(Aim of the task)
Only one stretch of the data below is needed. Output the lines from the one with "define g where" up to and including the one with "(fst z)\<bar> \<le>", exactly as they stand.

(Input material)

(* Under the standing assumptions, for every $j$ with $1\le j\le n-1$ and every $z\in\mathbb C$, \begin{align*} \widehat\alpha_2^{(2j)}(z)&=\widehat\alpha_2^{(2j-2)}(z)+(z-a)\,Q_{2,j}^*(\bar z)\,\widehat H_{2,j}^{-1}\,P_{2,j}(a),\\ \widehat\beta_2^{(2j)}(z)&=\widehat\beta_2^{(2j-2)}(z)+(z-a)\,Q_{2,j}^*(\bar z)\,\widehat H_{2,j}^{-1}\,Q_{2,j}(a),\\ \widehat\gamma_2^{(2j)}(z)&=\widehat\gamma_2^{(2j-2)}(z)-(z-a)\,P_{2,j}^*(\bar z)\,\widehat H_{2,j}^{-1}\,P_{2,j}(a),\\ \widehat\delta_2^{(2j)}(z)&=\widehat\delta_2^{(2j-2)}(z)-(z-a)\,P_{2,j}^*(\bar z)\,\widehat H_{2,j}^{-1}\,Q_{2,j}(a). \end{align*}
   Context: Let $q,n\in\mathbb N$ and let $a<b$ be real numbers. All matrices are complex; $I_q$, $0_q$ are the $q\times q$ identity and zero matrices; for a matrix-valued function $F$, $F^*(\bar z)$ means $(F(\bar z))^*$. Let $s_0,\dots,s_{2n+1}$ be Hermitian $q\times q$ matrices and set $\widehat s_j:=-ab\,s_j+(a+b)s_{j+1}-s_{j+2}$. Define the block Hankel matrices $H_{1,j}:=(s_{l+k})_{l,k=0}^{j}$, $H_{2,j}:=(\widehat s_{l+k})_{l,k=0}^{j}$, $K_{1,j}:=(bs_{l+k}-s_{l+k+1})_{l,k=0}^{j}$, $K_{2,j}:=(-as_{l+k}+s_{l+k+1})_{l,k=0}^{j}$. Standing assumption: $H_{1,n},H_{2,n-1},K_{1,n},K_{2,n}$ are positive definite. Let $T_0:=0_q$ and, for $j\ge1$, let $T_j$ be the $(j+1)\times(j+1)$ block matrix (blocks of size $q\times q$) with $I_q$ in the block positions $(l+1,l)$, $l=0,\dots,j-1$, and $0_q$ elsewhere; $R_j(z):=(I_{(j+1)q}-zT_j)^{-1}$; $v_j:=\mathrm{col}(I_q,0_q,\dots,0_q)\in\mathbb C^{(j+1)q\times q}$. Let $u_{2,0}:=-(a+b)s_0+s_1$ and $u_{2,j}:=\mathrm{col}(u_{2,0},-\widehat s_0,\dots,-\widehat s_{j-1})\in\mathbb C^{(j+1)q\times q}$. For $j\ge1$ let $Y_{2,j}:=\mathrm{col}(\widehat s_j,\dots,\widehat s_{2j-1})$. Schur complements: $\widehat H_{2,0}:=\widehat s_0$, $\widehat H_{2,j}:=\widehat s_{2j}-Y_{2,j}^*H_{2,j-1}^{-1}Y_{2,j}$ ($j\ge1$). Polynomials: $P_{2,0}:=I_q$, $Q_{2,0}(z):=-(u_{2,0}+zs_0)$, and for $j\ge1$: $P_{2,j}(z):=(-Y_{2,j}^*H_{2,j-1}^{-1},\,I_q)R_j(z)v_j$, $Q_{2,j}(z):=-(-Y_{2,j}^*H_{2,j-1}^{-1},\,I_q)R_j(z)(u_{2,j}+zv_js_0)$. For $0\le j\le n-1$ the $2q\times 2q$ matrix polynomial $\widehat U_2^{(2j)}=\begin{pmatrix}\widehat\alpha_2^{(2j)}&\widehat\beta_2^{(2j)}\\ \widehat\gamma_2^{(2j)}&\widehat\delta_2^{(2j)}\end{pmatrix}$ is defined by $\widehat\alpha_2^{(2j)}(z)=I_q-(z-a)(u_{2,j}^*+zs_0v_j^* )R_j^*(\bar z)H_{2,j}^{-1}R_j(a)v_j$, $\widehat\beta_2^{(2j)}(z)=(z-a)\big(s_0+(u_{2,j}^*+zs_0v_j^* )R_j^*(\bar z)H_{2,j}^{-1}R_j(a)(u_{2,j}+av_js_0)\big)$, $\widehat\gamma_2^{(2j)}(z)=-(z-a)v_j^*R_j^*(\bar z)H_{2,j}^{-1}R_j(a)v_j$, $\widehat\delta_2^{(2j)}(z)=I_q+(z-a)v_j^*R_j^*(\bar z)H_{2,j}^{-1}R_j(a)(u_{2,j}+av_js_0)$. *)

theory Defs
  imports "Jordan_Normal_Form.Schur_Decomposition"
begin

(End Input material)
(Input material)

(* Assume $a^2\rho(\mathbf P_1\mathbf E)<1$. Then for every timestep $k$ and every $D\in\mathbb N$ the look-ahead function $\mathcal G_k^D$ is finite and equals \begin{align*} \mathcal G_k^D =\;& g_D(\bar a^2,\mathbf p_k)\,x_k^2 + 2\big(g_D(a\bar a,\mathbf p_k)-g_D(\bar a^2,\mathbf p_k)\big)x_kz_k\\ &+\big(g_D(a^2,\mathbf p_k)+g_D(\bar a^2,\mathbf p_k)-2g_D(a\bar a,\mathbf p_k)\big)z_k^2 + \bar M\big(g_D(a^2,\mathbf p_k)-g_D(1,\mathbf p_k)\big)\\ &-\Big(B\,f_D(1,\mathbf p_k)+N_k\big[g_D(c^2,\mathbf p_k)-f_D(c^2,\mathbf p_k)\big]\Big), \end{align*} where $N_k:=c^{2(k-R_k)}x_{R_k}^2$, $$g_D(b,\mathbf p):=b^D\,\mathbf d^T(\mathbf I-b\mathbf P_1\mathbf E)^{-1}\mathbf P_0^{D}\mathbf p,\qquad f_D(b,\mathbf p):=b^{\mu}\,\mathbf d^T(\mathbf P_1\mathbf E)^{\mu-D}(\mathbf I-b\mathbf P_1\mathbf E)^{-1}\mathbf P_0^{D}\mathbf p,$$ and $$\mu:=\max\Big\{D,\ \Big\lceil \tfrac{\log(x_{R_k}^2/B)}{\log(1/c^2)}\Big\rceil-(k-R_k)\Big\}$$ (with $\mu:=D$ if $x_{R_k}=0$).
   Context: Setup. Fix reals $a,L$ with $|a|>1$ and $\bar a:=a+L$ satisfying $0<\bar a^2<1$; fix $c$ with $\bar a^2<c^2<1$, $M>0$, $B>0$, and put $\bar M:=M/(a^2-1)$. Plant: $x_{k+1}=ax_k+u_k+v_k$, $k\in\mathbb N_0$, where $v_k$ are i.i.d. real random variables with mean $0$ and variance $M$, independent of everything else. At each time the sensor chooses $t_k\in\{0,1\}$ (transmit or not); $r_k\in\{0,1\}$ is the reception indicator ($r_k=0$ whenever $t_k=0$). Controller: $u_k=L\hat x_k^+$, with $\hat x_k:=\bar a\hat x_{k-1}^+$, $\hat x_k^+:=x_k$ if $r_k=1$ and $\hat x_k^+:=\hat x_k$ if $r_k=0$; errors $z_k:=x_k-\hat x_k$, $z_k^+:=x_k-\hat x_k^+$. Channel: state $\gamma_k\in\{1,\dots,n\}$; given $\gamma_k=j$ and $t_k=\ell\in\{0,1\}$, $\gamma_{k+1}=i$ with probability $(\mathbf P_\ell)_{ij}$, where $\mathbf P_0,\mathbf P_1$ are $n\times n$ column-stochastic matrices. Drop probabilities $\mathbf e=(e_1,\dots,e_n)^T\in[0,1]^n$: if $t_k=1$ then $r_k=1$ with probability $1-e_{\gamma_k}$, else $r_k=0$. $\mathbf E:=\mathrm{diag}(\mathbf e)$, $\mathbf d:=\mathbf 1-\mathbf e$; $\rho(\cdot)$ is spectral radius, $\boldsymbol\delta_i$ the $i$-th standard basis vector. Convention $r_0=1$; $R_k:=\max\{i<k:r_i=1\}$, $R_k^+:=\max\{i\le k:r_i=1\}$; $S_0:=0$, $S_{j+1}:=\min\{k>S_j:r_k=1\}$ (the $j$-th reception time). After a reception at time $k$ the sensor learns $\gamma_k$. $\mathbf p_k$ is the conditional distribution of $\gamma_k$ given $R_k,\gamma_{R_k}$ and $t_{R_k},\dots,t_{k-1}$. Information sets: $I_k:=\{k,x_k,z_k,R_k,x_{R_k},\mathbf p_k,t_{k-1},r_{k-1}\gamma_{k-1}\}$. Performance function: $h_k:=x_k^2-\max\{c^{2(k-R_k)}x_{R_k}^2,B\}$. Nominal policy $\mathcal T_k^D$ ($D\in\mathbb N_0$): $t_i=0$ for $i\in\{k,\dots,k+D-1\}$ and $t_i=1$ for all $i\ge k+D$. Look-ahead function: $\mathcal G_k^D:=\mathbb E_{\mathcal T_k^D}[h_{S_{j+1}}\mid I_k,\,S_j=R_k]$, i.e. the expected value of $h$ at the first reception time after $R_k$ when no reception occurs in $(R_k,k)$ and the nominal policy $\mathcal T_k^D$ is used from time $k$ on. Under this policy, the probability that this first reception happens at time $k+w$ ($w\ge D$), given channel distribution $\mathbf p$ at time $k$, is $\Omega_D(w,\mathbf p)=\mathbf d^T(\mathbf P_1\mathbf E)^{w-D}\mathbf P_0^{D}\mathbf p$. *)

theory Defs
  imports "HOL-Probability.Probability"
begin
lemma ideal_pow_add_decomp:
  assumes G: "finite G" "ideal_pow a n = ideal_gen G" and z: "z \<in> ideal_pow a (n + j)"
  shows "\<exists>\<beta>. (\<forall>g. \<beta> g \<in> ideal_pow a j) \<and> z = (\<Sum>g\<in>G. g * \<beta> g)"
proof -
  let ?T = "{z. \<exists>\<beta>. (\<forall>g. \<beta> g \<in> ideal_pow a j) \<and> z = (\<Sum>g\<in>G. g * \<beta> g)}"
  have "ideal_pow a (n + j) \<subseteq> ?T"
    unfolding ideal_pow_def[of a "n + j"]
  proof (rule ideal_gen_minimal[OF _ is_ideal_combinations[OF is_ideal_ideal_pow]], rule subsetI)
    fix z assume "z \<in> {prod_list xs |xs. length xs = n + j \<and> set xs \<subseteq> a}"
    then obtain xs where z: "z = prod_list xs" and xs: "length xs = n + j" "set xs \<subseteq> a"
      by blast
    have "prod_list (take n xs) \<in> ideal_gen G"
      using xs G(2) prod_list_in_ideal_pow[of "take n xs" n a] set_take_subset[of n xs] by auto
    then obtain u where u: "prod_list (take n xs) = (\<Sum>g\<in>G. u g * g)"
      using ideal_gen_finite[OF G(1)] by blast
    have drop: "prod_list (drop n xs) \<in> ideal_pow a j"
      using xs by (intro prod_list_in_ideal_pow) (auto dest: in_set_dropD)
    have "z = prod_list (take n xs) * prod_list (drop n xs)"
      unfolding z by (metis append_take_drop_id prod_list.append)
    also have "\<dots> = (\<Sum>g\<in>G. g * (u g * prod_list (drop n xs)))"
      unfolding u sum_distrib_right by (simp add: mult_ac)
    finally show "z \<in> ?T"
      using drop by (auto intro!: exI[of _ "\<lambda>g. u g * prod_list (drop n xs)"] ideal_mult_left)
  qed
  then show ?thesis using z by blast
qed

(End Input material)
(Input material)

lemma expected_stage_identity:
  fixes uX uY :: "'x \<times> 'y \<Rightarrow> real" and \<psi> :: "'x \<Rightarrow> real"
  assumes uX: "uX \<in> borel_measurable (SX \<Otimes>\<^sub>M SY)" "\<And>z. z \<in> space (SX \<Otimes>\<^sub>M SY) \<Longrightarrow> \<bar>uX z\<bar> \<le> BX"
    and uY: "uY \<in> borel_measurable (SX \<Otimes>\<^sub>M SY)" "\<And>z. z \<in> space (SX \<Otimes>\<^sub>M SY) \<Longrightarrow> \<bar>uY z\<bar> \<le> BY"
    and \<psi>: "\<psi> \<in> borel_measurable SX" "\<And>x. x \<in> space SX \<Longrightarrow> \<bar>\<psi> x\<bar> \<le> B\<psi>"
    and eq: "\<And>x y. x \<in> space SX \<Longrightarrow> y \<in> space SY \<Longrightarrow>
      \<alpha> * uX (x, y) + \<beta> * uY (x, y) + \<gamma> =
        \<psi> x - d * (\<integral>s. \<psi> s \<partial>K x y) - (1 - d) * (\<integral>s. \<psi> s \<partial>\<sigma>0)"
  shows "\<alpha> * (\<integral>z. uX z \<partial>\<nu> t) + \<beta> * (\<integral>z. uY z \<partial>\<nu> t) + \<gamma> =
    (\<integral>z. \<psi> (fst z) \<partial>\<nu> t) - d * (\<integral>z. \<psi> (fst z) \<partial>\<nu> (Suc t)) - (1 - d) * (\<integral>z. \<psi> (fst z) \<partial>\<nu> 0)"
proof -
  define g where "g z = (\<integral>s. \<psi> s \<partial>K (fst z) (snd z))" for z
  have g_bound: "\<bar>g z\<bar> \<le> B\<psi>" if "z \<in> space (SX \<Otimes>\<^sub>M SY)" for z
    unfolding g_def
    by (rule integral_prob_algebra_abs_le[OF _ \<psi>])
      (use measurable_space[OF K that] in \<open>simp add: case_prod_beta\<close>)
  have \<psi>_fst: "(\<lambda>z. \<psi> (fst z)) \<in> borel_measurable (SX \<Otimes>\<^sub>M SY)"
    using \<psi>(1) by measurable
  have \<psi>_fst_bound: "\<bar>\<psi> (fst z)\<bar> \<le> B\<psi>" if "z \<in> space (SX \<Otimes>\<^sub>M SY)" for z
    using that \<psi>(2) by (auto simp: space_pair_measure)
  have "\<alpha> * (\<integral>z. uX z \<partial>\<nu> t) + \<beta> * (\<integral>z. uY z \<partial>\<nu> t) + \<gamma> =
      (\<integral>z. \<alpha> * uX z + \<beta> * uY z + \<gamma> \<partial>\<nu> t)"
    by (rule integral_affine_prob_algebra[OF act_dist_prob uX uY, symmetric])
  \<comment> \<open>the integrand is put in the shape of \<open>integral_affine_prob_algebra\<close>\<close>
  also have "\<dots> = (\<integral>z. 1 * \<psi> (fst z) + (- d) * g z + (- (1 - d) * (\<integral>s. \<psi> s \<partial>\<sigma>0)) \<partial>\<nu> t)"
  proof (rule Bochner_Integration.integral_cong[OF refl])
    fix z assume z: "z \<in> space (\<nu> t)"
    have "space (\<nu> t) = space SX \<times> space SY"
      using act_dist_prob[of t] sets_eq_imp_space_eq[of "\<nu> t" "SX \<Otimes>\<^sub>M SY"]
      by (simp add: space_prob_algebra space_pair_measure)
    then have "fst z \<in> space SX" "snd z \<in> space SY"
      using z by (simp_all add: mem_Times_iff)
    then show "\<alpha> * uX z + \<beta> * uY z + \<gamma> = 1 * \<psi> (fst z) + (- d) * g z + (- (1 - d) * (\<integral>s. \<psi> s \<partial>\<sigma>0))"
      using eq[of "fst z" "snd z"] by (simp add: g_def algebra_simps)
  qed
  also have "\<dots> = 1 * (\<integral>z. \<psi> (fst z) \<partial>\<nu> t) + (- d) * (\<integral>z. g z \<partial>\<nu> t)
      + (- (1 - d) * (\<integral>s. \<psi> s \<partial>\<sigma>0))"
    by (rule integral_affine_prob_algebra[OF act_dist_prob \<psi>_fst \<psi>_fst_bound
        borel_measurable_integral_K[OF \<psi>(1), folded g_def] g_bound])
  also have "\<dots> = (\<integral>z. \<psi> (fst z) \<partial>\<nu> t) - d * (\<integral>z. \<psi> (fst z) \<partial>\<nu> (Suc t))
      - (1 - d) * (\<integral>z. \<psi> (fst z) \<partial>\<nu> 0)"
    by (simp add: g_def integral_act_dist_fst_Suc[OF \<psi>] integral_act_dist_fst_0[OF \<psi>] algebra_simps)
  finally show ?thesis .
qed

(End Input material)

(Answer to the exercise)
  define g where "g z = (\<integral>s. \<psi> s \<partial>K (fst z) (snd z))" for z
  have g_bound: "\<bar>g z\<bar> \<le> B\<psi>" if "z \<in> space (SX \<Otimes>\<^sub>M SY)" for z
    unfolding g_def
    by (rule integral_prob_algebra_abs_le[OF _ \<psi>])
      (use measurable_space[OF K that] in \<open>simp add: case_prod_beta\<close>)
  have \<psi>_fst: "(\<lambda>z. \<psi> (fst z)) \<in> borel_measurable (SX \<Otimes>\<^sub>M SY)"
    using \<psi>(1) by measurable
  have \<psi>_fst_bound: "\<bar>\<psi> (fst z)\<bar> \<le> B\<psi>" if "z \<in> space (SX \<Otimes>\<^sub>M SY)" for z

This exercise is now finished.